1er cours le lundi 2 octobre a l'IHP, amphi Darboux, de 14h30 a 16h.
Re'sume':
The course will consist of 3 one and a half hour lectures. I shall discuss a
prototype example of both classical and quantum chaos, i.e. , the free motion
of a particle (geodesic flow) on two- and three-dimensional manifolds of
constant negative Gaussian curvature. The quantization of the dynamics will
be carried out via the Selberg trace formula. Analytical as well as numerical
applications of the trace formula will be discussed.
Topics to be covered :
- Classical motion on hyperbolic manifolds (Hadamard, Artin,...), and the
length spectrum of periodic orbits. Huber's law, prime geodesic theorem.

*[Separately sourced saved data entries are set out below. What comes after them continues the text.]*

(* The variety $\mathsf{V}(S_{(4,453)})$ is the ai-semiring variety defined by the identities $x^2y\approx xy$, $xy^2\approx xy$, $xyz\approx xzy$, $x^2\approx x^2+x$, $xy\approx xy+xyz$, $x+yz\approx x+yz+yx$.
   Context: An ai-semiring is an algebra $(S,+,\cdot)$ with $(S,+)$ a semilattice, $(S,\cdot)$ a semigroup, and both distributive laws. $\mathsf{V}(S)$ is the variety generated by $S$; "the ai-semiring variety defined by identities $\Sigma$" is the class of all ai-semirings satisfying $\Sigma$. $S_{(4,453)}$ has carrier $\{1,2,3,4\}$; addition: $x+x=x$, $2+x=x$, $1+x=1$ for all $x$, $3+4=1$; multiplication (row $a$, column $b$ gives $a\cdot b$): row $1$: $1,4,1,4$; row $2$: $2,2,2,2$; row $3$: $1,4,1,4$; row $4$: $4,4,4,4$. *)

theory Defs
  imports "HOL-Library.FuncSet"
begin

text \<open>An algebra of type (2,2) is given by a carrier set C and two binary operations
  p (addition) and m (multiplication); only their behaviour on C matters.\<close>

definition ai_semiring :: "'a set \<Rightarrow> ('a \<Rightarrow> 'a \<Rightarrow> 'a) \<Rightarrow> ('a \<Rightarrow> 'a \<Rightarrow> 'a) \<Rightarrow> bool" where
  "ai_semiring C p m \<longleftrightarrow>
     (\<forall>x\<in>C. \<forall>y\<in>C. p x y \<in> C \<and> m x y \<in> C) \<and>
     (\<forall>x\<in>C. p x x = x) \<and>
     (\<forall>x\<in>C. \<forall>y\<in>C. p x y = p y x) \<and>
     (\<forall>x\<in>C. \<forall>y\<in>C. \<forall>z\<in>C. p (p x y) z = p x (p y z)) \<and>
     (\<forall>x\<in>C. \<forall>y\<in>C. \<forall>z\<in>C. m (m x y) z = m x (m y z)) \<and>
     (\<forall>x\<in>C. \<forall>y\<in>C. \<forall>z\<in>C. m x (p y z) = p (m x y) (m x z)) \<and>
     (\<forall>x\<in>C. \<forall>y\<in>C. \<forall>z\<in>C. m (p x y) z = p (m x z) (m y z))"

definition sat_Sigma :: "'a set \<Rightarrow> ('a \<Rightarrow> 'a \<Rightarrow> 'a) \<Rightarrow> ('a \<Rightarrow> 'a \<Rightarrow> 'a) \<Rightarrow> bool" where
  "sat_Sigma C p m \<longleftrightarrow>
     (\<forall>x\<in>C. \<forall>y\<in>C. m (m x x) y = m x y) \<and>
     (\<forall>x\<in>C. \<forall>y\<in>C. m x (m y y) = m x y) \<and>
     (\<forall>x\<in>C. \<forall>y\<in>C. \<forall>z\<in>C. m (m x y) z = m (m x z) y) \<and>
     (\<forall>x\<in>C. m x x = p (m x x) x) \<and>
     (\<forall>x\<in>C. \<forall>y\<in>C. \<forall>z\<in>C. m x y = p (m x y) (m (m x y) z)) \<and>
     (\<forall>x\<in>C. \<forall>y\<in>C. \<forall>z\<in>C. p x (m y z) = p (p x (m y z)) (m y x))"

definition S4 :: "nat set" where "S4 = {1,2,3,4}"

definition plus4 :: "nat \<Rightarrow> nat \<Rightarrow> nat" where
  "plus4 x y = (if x = y then x else if x = 2 then y else if y = 2 then x else 1)"

definition times4 :: "nat \<Rightarrow> nat \<Rightarrow> nat" where
  "times4 x y = (if x = 2 then 2 else if x = 4 then 4 else if y = 1 \<or> y = 3 then 1 else 4)"

definition pplus :: "'i set \<Rightarrow> ('i \<Rightarrow> nat) \<Rightarrow> ('i \<Rightarrow> nat) \<Rightarrow> ('i \<Rightarrow> nat)" where
  "pplus I f g = (\<lambda>i. if i \<in> I then plus4 (f i) (g i) else undefined)"

definition ptimes :: "'i set \<Rightarrow> ('i \<Rightarrow> nat) \<Rightarrow> ('i \<Rightarrow> nat) \<Rightarrow> ('i \<Rightarrow> nat)" where
  "ptimes I f g = (\<lambda>i. if i \<in> I then times4 (f i) (g i) else undefined)"

text \<open>(C,p,m) is a homomorphic image (via h) of a subalgebra B of the direct power S4^I,
  i.e. it lies in HSP(S4) witnessed by the index set I.\<close>
definition hsp_image ::
  "'i set \<Rightarrow> ('i \<Rightarrow> nat) set \<Rightarrow> (('i \<Rightarrow> nat) \<Rightarrow> 'a) \<Rightarrow> 'a set \<Rightarrow> ('a \<Rightarrow> 'a \<Rightarrow> 'a) \<Rightarrow> ('a \<Rightarrow> 'a \<Rightarrow> 'a) \<Rightarrow> bool" where
  "hsp_image I B h C p m \<longleftrightarrow>
     B \<subseteq> (PiE I (\<lambda>_. S4)) \<and>
     (\<forall>f\<in>B. \<forall>g\<in>B. pplus I f g \<in> B \<and> ptimes I f g \<in> B) \<and>
     h ` B = C \<and>
     (\<forall>f\<in>B. \<forall>g\<in>B. h (pplus I f g) = p (h f) (h g) \<and> h (ptimes I f g) = m (h f) (h g))"

end

theory Submission
  imports Defs
begin

text \<open>
  The ai-semiring axioms and the identities of Sigma hold in S_(4,453), and identities are
  preserved by direct powers, subalgebras and homomorphic images.

  Conversely, a model C of Sigma lies in V(S_(4,453)) as soon as every identity s = t of
  S_(4,453) holds in C: then C is a homomorphic image of the algebra of S_(4,453)-term
  functions in the variables C, which is a subalgebra of a direct power of S_(4,453).
  Every term is a join of monomials x y_1 ... y_k. Let s = t hold in S_(4,453) and let
  x y_1 ... y_k be a monomial of t. Evaluating at the assignment that sends x, y_1, ..., y_k
  to 3 and every other variable to 2 yields a monomial of s all of whose letters are among
  x, y_1, ..., y_k; if k > 0, sending only x to 3 yields a monomial x z_1 ... z_l of s with
  l > 0. Modulo Sigma the value of a monomial depends only on its first letter and on the set
  of the remaining ones, and it decreases as this set grows; with x <= x^2 and
  yx <= x + yz this lets the two monomials of s absorb x y_1 ... y_k. Hence t <= s in C, and
  s = t by symmetry.
\<close>

section \<open>Terms and identities\<close>

datatype 'v trm = Var 'v | Add "'v trm" "'v trm" | Mult "'v trm" "'v trm"

fun eval :: "('a \<Rightarrow> 'a \<Rightarrow> 'a) \<Rightarrow> ('a \<Rightarrow> 'a \<Rightarrow> 'a) \<Rightarrow> ('v \<Rightarrow> 'a) \<Rightarrow> 'v trm \<Rightarrow> 'a" where
  "eval p m \<phi> (Var x) = \<phi> x"
| "eval p m \<phi> (Add s t) = p (eval p m \<phi> s) (eval p m \<phi> t)"
| "eval p m \<phi> (Mult s t) = m (eval p m \<phi> s) (eval p m \<phi> t)"

fun vars :: "'v trm \<Rightarrow> 'v set" where
  "vars (Var x) = {x}"
| "vars (Add s t) = vars s \<union> vars t"
| "vars (Mult s t) = vars s \<union> vars t"

definition closed :: "'a set \<Rightarrow> ('a \<Rightarrow> 'a \<Rightarrow> 'a) \<Rightarrow> ('a \<Rightarrow> 'a \<Rightarrow> 'a) \<Rightarrow> bool" where
  "closed C p m \<longleftrightarrow> (\<forall>x\<in>C. \<forall>y\<in>C. p x y \<in> C \<and> m x y \<in> C)"

definition satisfies :: "'a set \<Rightarrow> ('a \<Rightarrow> 'a \<Rightarrow> 'a) \<Rightarrow> ('a \<Rightarrow> 'a \<Rightarrow> 'a) \<Rightarrow> 'v trm \<Rightarrow> 'v trm \<Rightarrow> bool" where
  "satisfies C p m s t \<longleftrightarrow> (\<forall>\<phi>. range \<phi> \<subseteq> C \<longrightarrow> eval p m \<phi> s = eval p m \<phi> t)"

lemma vars_nonempty: "vars t \<noteq> {}"
  by (induction t) auto

lemma eval_cong: "(\<And>x. x \<in> vars t \<Longrightarrow> \<phi> x = \<psi> x) \<Longrightarrow> eval p m \<phi> t = eval p m \<psi> t"
  by (induction t) auto

lemma eval_closed_on: "closed C p m \<Longrightarrow> \<phi> ` vars t \<subseteq> C \<Longrightarrow> eval p m \<phi> t \<in> C"
  by (induction t) (auto simp: closed_def)

lemma eval_closed: "closed C p m \<Longrightarrow> range \<phi> \<subseteq> C \<Longrightarrow> eval p m \<phi> t \<in> C"
  by (erule eval_closed_on) blast

lemma satisfies_eval_id:
  assumes "satisfies C p m s t" and "vars s \<subseteq> C" and "vars t \<subseteq> C"
  shows "eval p m id s = eval p m id t"
proof -
  obtain c where "c \<in> C" using assms(2) vars_nonempty[of s] by blast
  define \<phi> where "\<phi> x = (if x \<in> C then x else c)" for x
  have "range \<phi> \<subseteq> C" using \<open>c \<in> C\<close> by (auto simp: \<phi>_def)
  then have "eval p m \<phi> s = eval p m \<phi> t" using assms(1) by (simp add: satisfies_def)
  moreover have "eval p m \<phi> u = eval p m id u" if "vars u \<subseteq> C" for u
    using that by (intro eval_cong) (auto simp: \<phi>_def)
  ultimately show ?thesis using assms(2,3) by simp
qed

datatype var3 = X | Y | Z

lemma satisfies_var3:
  fixes s t :: "var3 trm"
  shows "satisfies C p m s t \<longleftrightarrow>
    (\<forall>x\<in>C. \<forall>y\<in>C. \<forall>z\<in>C. eval p m (case_var3 x y z) s = eval p m (case_var3 x y z) t)"
proof
  assume "satisfies C p m s t"
  then show "\<forall>x\<in>C. \<forall>y\<in>C. \<forall>z\<in>C. eval p m (case_var3 x y z) s = eval p m (case_var3 x y z) t"
  proof (intro ballI)
    fix x y z assume "x \<in> C" "y \<in> C" "z \<in> C"
    then have "range (case_var3 x y z) \<subseteq> C" by (auto split: var3.split)
    with \<open>satisfies C p m s t\<close> show "eval p m (case_var3 x y z) s = eval p m (case_var3 x y z) t"
      by (simp add: satisfies_def)
  qed
next
  assume H: "\<forall>x\<in>C. \<forall>y\<in>C. \<forall>z\<in>C. eval p m (case_var3 x y z) s = eval p m (case_var3 x y z) t"
  show "satisfies C p m s t"
    unfolding satisfies_def
  proof (intro allI impI)
    fix \<phi> :: "var3 \<Rightarrow> 'a" assume "range \<phi> \<subseteq> C"
    moreover have "\<phi> = case_var3 (\<phi> X) (\<phi> Y) (\<phi> Z)" by (rule ext) (simp split: var3.split)
    ultimately show "eval p m \<phi> s = eval p m \<phi> t" using H by (metis range_subsetD)
  qed
qed

definition ai_semiring_identities :: "(var3 trm \<times> var3 trm) list" where
  "ai_semiring_identities =
    [(Add (Var X) (Var X), Var X),
     (Add (Var X) (Var Y), Add (Var Y) (Var X)),
     (Add (Add (Var X) (Var Y)) (Var Z), Add (Var X) (Add (Var Y) (Var Z))),
     (Mult (Mult (Var X) (Var Y)) (Var Z), Mult (Var X) (Mult (Var Y) (Var Z))),
     (Mult (Var X) (Add (Var Y) (Var Z)), Add (Mult (Var X) (Var Y)) (Mult (Var X) (Var Z))),
     (Mult (Add (Var X) (Var Y)) (Var Z), Add (Mult (Var X) (Var Z)) (Mult (Var Y) (Var Z)))]"

definition Sigma_identities :: "(var3 trm \<times> var3 trm) list" where
  "Sigma_identities =
    [(Mult (Mult (Var X) (Var X)) (Var Y), Mult (Var X) (Var Y)),
     (Mult (Var X) (Mult (Var Y) (Var Y)), Mult (Var X) (Var Y)),
     (Mult (Mult (Var X) (Var Y)) (Var Z), Mult (Mult (Var X) (Var Z)) (Var Y)),
     (Mult (Var X) (Var X), Add (Mult (Var X) (Var X)) (Var X)),
     (Mult (Var X) (Var Y), Add (Mult (Var X) (Var Y)) (Mult (Mult (Var X) (Var Y)) (Var Z))),
     (Add (Var X) (Mult (Var Y) (Var Z)),
      Add (Add (Var X) (Mult (Var Y) (Var Z))) (Mult (Var Y) (Var X)))]"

- The eigenvalue problem of the Laplace-Beltrami operator on hyperbolic
manifolds
- The Selberg trace formula (for the last two topics see also the course of
Venkov)
- The Selberg and related Ruelle zeta function; their analytic properties;
functional equation; analogue of the Riemann hypothesis (for the last topic
see also the course of Rudnick)
- The trace of the heat kernel and an exact Weyl formula
- The MP zeta function, and zeta function regularization of the spectral
determinant; the generalized Euler constant
- Crossing the entropy barrier; computation of the non-trivial zeros of
Selberg and Riemann zeta
- Connection with Beurling's theory of generalized prime numbers
- Inverse quantum chaology ("Can one hear the periodic orbits .....")
- Discussion of various quantization rules
- Local and global energy-level-statistics; periodic orbit theory for the
number variance; universal signatures of quantum chaos
- Gaussian random behaviour of chaotic wave functions in the semiclassical
limit; are there scars ?